Monday, September 12, 2016

Side Body

kiss your friends’ faces more / destroy the belief that intimacy must be reserved for monogamous relationships / be more loving / embrace platonic intimacy / embrace vulnerability / use emotionality as a radical tactic against a society which teaches you that emotions are a sign of weakness / tell more people you care about them / hold their hands / tell others you are proud of them / offer support readily / take care of the people around you 
- Lora Mathis

~

Sometimes, I truly believe I shouldn’t be allowed to talk to people.
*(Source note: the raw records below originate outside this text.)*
text \<open>The left half follows from the right one applied to the reflection
  \<open>x \<mapsto> cnj (e (- x))\<close>, which again turns clockwise.\<close>

lemma turns_clockwise_lower_bound:
  fixes e :: "real \<Rightarrow> complex" and g :: "real \<Rightarrow> real"
  assumes cont: "continuous_on UNIV e" "continuous_on UNIV g"
    and "M > 0" and e_\<xi>: "Im (e \<xi>) = 0" "Re (e \<xi>) > 0" and g_\<xi>: "g \<xi> = M * Re (e \<xi>)"
    and cw: "turns_clockwise e"
    and cw_family: "\<And>c. M < cmod c \<Longrightarrow> turns_clockwise (\<lambda>x. c * e x - of_real (g x))"
    and "a < \<xi>" "\<xi> < b"
    and zero_free: "\<And>t. a < t \<Longrightarrow> t < b \<Longrightarrow> t \<noteq> \<xi> \<Longrightarrow> Im (e t) \<noteq> 0"
    and x: "a \<le> x" "x \<le> b"
  shows "M * Re (e x) \<le> g x"
proof (cases "\<xi> \<le> x")
  case True
  show ?thesis
    by (rule turns_clockwise_lower_bound_right[OF assms(1-8) _ True x(2) \<open>\<xi> < b\<close>])
      (use zero_free \<open>a < \<xi>\<close> in auto)
next
  case False
  have "M * Re (cnj (e (- (- x)))) \<le> g (- (- x))"
  proof (rule turns_clockwise_lower_bound_right[where e = "\<lambda>y. cnj (e (- y))" and g = "\<lambda>y. g (- y)"
        and \<xi> = "- \<xi>" and b = "- a" and x = "- x"])
    show "continuous_on UNIV (\<lambda>y. cnj (e (- y)))" "continuous_on UNIV (\<lambda>y. g (- y))"
      by (intro continuous_intros continuous_on_compose2[OF cont(1)] continuous_on_compose2[OF cont(2)];
          auto)+
    show "turns_clockwise (\<lambda>y. cnj (e (- y)))" by (rule turns_clockwise_reflect[OF cw])
    show "turns_clockwise (\<lambda>y. c * cnj (e (- y)) - of_real (g (- y)))" if "M < cmod c" for c
      using turns_clockwise_reflect[OF cw_family[of "cnj c"]] that by simp
  qed (use assms False in auto)
  then show ?thesis by simp
qed

lemma continuous_on_of_real_holomorphic:
  "g holomorphic_on UNIV \<Longrightarrow> continuous_on UNIV (\<lambda>x::real. g (of_real x))"
  by (rule continuous_on_compose2[OF holomorphic_on_imp_continuous_on continuous_on_of_real[OF continuous_on_id]])
    auto

lemma A_fun_real: "A_fun E \<alpha> (of_real x) = of_real (Re (E_rot E \<alpha> (of_real x)))"
  by (simp add: A_fun_def sharp_def complex_add_cnj)

lemma B_fun_real: "B_fun E \<alpha> (of_real x) = of_real (Im (E_rot E \<alpha> (of_real x)))"
  by (simp add: B_fun_def sharp_def complex_diff_cnj field_simps)

lemma E_rot_eq_cmult: "E_rot E \<alpha> = (\<lambda>z. exp (\<i> * of_real \<alpha>) * E z)"
  by (simp add: E_rot_def fun_eq_iff)

lemma E_rot_holomorphic: "hermite_biehler E \<Longrightarrow> E_rot E \<alpha> holomorphic_on UNIV"
  unfolding E_rot_eq_cmult hermite_biehler_def entire_def by (intro holomorphic_intros) simp

lemma E_rot_at_phase:
  assumes "E z = exp (- \<i> * of_real \<alpha>) * of_real r"
  shows "E_rot E \<alpha> z = of_real r"
proof -
  have "E_rot E \<alpha> z = exp (\<i> * of_real \<alpha>) * exp (- \<i> * of_real \<alpha>) * of_real r"
    using assms by (simp add: E_rot_def)
  then show ?thesis by (simp flip: exp_add)
qed

lemma E_rot_turns_clockwise:
  "hermite_biehler E \<Longrightarrow> turns_clockwise (\<lambda>x. E_rot E \<alpha> (of_real x))"
  unfolding E_rot_eq_cmult
  by (intro weakly_hermite_biehler_turns_clockwise weakly_hermite_biehler_cmult
      hermite_biehler_imp_weakly_hermite_biehler)

lemma Hinf_turns_clockwise:
  assumes HB: "hermite_biehler E" and nz: "\<forall>x::real. E (of_real x) \<noteq> 0"
    and f: "f \<in> Hinf E" and c: "Hinf_norm E f < cmod c"
  shows "turns_clockwise (\<lambda>x. c * E_rot E \<alpha> (of_real x) - f (of_real x))"
proof -
  have "weakly_hermite_biehler (\<lambda>z. (c * exp (\<i> * of_real \<alpha>)) * E z - f z)"
  proof (rule weakly_hermite_biehler_mult_diff)
    show "weakly_hermite_biehler E" using HB by (rule hermite_biehler_imp_weakly_hermite_biehler)
    show "f holomorphic_on UNIV" "bounded ((\<lambda>z. sharp f z / E z) ` {z. Im z > 0})"
      using f by (auto simp: Hinf_def entire_def)
    show "Hinf_norm E f < cmod (c * exp (\<i> * of_real \<alpha>))" using c by (simp add: norm_mult)
  qed (use hermite_biehler_nonzero[OF HB nz] Hinf_norm_bound[OF HB nz f] in auto)
  from weakly_hermite_biehler_turns_clockwise[OF this] show ?thesis
    by (simp add: E_rot_def mult.assoc)
qed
The other day I was driving with my parents to lunch- hot, sweaty Dallas hung over us like a bad case of morning breath that just won’t go away. As we drove, we passed a street corner filled with boys from the local middle school football team. They held signs asking for donations to support the team’s gear purchases and future tournaments. As we pull up to them, I think I hear my mom mutter something about a car wash. It looks like the team has reserved the empty parking lot behind them, since many players stand scattered around the lot. I remember that teams in Broomfield washed cars all the time to raise money, so I assume the team is running a community car wash station for their fundraiser. When we slow to pass them, my mom hands me ten dollars to give to them as a donation. I roll down the window, and as the boy approaches, I feel the need to over-explain (my tendency to mumble dripping over), so I spit out: “We don’t have time for a carwash, but here’s a donation!” I even muster both an apologetic smile to make up for our inability to stay for a carwash and a look that says, “I get you”. I think I even give him a head nod. So suave, so cool.

The boy gives me a puzzled gaze and opens his mouth to retort. Before he can begin his sentence, his coach cuts in to grab him on the shoulder and reply, “Thank you for the donation. We appreciate it.” The boy continues to look puzzled, if not slightly bothered, while we drive away. As soon as we pull away from the street corner, my parents burst into laughter. I immediately get kind of hot and flustered as I beg them to tell me what is so funny. My father finally breaks to tell me, “There was no car wash.”

Oh no. No no no no no no.

There was no car wash, which means I just insinuated an expectation for labor FROM A SMALL CHILD ON A STREET CORNER. HE NEVER WANTED TO WASH MY CAR.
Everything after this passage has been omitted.